Supplied material START
lemma moebius_contraction_factor_le:
  fixes a r :: real
  assumes a: "0 \<le> a" "a < 1" and r: "0 \<le> r" "r \<le> 1"
  shows "(1 - a) / (1 + a) * (1 - r) \<le> (1 - a\<^sup>2) * (1 - r\<^sup>2) / (1 + a * r)\<^sup>2"
proof -
  have "1 - a\<^sup>2 = (1 - a) * (1 + a)" "(1 + a)\<^sup>2 = (1 + a) * (1 + a)"
    by (simp_all add: algebra_simps power2_eq_square)
  then have "(1 - a) / (1 + a) * (1 - r) = (1 - a\<^sup>2) * (1 - r) / (1 + a)\<^sup>2"
    using a by simp
  also have "\<dots> \<le> (1 - a\<^sup>2) * (1 - r\<^sup>2) / (1 + a)\<^sup>2"
    using a r
    by (intro divide_right_mono mult_left_mono)
      (auto simp: power2_eq_square mult_left_le mult_le_one)
  also have "\<dots> \<le> (1 - a\<^sup>2) * (1 - r\<^sup>2) / (1 + a * r)\<^sup>2"
  proof (rule divide_left_mono)
    show "0 \<le> (1 - a\<^sup>2) * (1 - r\<^sup>2)"
      using a r by (intro mult_nonneg_nonneg) (auto simp: power2_eq_square mult_le_one)
    show "(1 + a * r)\<^sup>2 \<le> (1 + a)\<^sup>2"
      using a r by (intro power_mono) (auto simp: mult_left_le)
    show "0 < (1 + a)\<^sup>2 * (1 + a * r)\<^sup>2"
      using a add_pos_nonneg[OF zero_less_one mult_nonneg_nonneg[OF a(1) r(1)]] by simp
  qed
  finally show ?thesis .
qed

lemma fps_sqnorm_moebius_mult_le:
  assumes y: "fps_l2 y" and a: "0 \<le> a" "a < 1" and r: "0 \<le> r" "r \<le> 1"
  shows "fps_sqnorm (moebius_fps a r * y) \<le> (1 - (1 - a) / (1 + a) * (1 - r)) * fps_sqnorm y"
proof -
  define x where "x = inverse (1 + fps_const (a * r) * fps_X) * y"
  have ar: "0 \<le> a * r" "a * r < 1"
    using a r by (auto intro: le_less_trans[OF mult_left_le])
  have D: "0 \<le> (1 - a\<^sup>2) * (1 - r\<^sup>2)"
    using a r by (intro mult_nonneg_nonneg) (auto simp: power2_eq_square mult_le_one)
  have "(1 - a) / (1 + a) * (1 - r) * fps_sqnorm y
      \<le> (1 - a\<^sup>2) * (1 - r\<^sup>2) / (1 + a * r)\<^sup>2 * fps_sqnorm y"
    using moebius_contraction_factor_le[OF a r] fps_sqnorm_nonneg[OF y] by (rule mult_right_mono)
  also have "\<dots> \<le> (1 - a\<^sup>2) * (1 - r\<^sup>2) * fps_sqnorm x"
  proof -
    have "fps_sqnorm y / (1 + a * r)\<^sup>2 \<le> fps_sqnorm x"
      using fps_sqnorm_le_inverse_linear_mult[OF y ar] ar unfolding x_def[symmetric]
      by (simp add: divide_le_eq mult.commute)
    then have "(1 - a\<^sup>2) * (1 - r\<^sup>2) * (fps_sqnorm y / (1 + a * r)\<^sup>2)
        \<le> (1 - a\<^sup>2) * (1 - r\<^sup>2) * fps_sqnorm x"
      using D by (rule mult_left_mono)
    then show ?thesis
      by simp
  qed
  finally show ?thesis
    using fps_sqnorm_moebius_mult[OF y, of a r] ar unfolding x_def[symmetric]
    by (simp add: algebra_simps)
qed

lemma fps_sqnorm_moebius_power_mult_le:
  assumes y: "fps_l2 y" and a: "0 \<le> a" "a < 1" and r: "0 \<le> r" "r \<le> 1"
  shows "fps_sqnorm (moebius_fps a r ^ j * y)
    \<le> (1 - (1 - a) / (1 + a) * (1 - r)) ^ j * fps_sqnorm y"
proof (induction j)
  case 0
  then show ?case by simp
next
  case (Suc j)
  have ar: "\<bar>a * r\<bar> < 1"
    using a r by (auto intro: le_less_trans[OF mult_left_le])
  have "(1 - a) / (1 + a) * (1 - r) \<le> 1"
    using a r by (intro mult_le_one) auto
  then have "0 \<le> 1 - (1 - a) / (1 + a) * (1 - r)"
    by simp
  from order_trans[OF fps_sqnorm_moebius_mult_le[OF fps_l2_moebius_power_mult[OF ar y] a r]
      mult_left_mono[OF Suc this]]
  show ?case
    by (simp add: mult.assoc)
qed

lemma fps_sqnorm_aut_power_mult:
  assumes "\<bar>a\<bar> < 1" "fps_l2 y"
  shows "fps_sqnorm (moebius_fps a 1 ^ j * y) = fps_sqnorm y"
proof (induction j)
  case (Suc j)
  have "fps_l2 (moebius_fps a 1 ^ j * y)"
    using assms by (intro fps_l2_moebius_power_mult) auto
  from fps_sqnorm_moebius_mult[OF this, of a 1] show ?case
    using assms Suc by (simp add: mult.assoc)
qed simp

lemma fps_inner_aut_power_mult:
  assumes a: "\<bar>a\<bar> < 1" and x: "fps_l2 x" and y: "fps_l2 y"
  shows "fps_inner (moebius_fps a 1 ^ j * x) (moebius_fps a 1 ^ j * y) = fps_inner x y"
proof -
  have Tx: "fps_l2 (moebius_fps a 1 ^ j * x)" and Ty: "fps_l2 (moebius_fps a 1 ^ j * y)"
    using a x y by (auto intro: fps_l2_moebius_power_mult)
  have "fps_sqnorm (moebius_fps a 1 ^ j * x + moebius_fps a 1 ^ j * y) = fps_sqnorm (x + y)"
    using fps_sqnorm_aut_power_mult[OF a fps_l2_add[OF x y]] by (simp add: distrib_left)
  then show ?thesis
    using fps_sqnorm_add[OF x y] fps_sqnorm_add[OF Tx Ty] fps_sqnorm_aut_power_mult[OF a] x y
    by simp
qed

section \<open>A moment inequality\<close>

lemma sq_le_deviation_split:
  fixes x c H :: real
  assumes c: "- c \<le> x" and H: "0 < H"
  shows "x\<^sup>2 \<le> c * max 0 (- x) + H * max 0 x + x ^ 4 / H\<^sup>2"
proof (cases "0 \<le> x")
  case True
  have "x\<^sup>2 \<le> H * x + x ^ 4 / H\<^sup>2"
  proof (cases "x \<le> H")
    case True
    then have "x\<^sup>2 \<le> H * x"
      using \<open>0 \<le> x\<close> by (simp add: power2_eq_square mult_right_mono)
    then show ?thesis
      by (simp add: add_increasing2)
  next
    case False
    then have "H\<^sup>2 * x\<^sup>2 \<le> x\<^sup>2 * x\<^sup>2"
      using H by (intro mult_right_mono power_mono) auto
    then have "x\<^sup>2 \<le> x ^ 4 / H\<^sup>2"
      using H by (simp add: field_simps power4_eq_xxxx power2_eq_square)
    then show ?thesis
      using H \<open>0 \<le> x\<close> by (simp add: add_increasing)
  qed
  then show ?thesis
    using True by simp
next
  case False
  then have "x\<^sup>2 \<le> c * (- x)"
    using c mult_right_mono[of "- x" c "- x"] by (simp add: power2_eq_square)
  moreover have "0 \<le> x ^ 4 / H\<^sup>2"
    using zero_le_even_power[of 4 x] by simp
  moreover have "c * max 0 (- x) + H * max 0 x = c * (- x)"
    using False by simp
  ultimately show ?thesis
    by linarith
qed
Supplied material END
*Task to carry out*
Copy out each line of the data that holds the string "from".

*Answer space*
  from order_trans[OF fps_sqnorm_moebius_mult_le[OF fps_l2_moebius_power_mult[OF ar y] a r]
  from fps_sqnorm_moebius_mult[OF this, of a 1] show ?case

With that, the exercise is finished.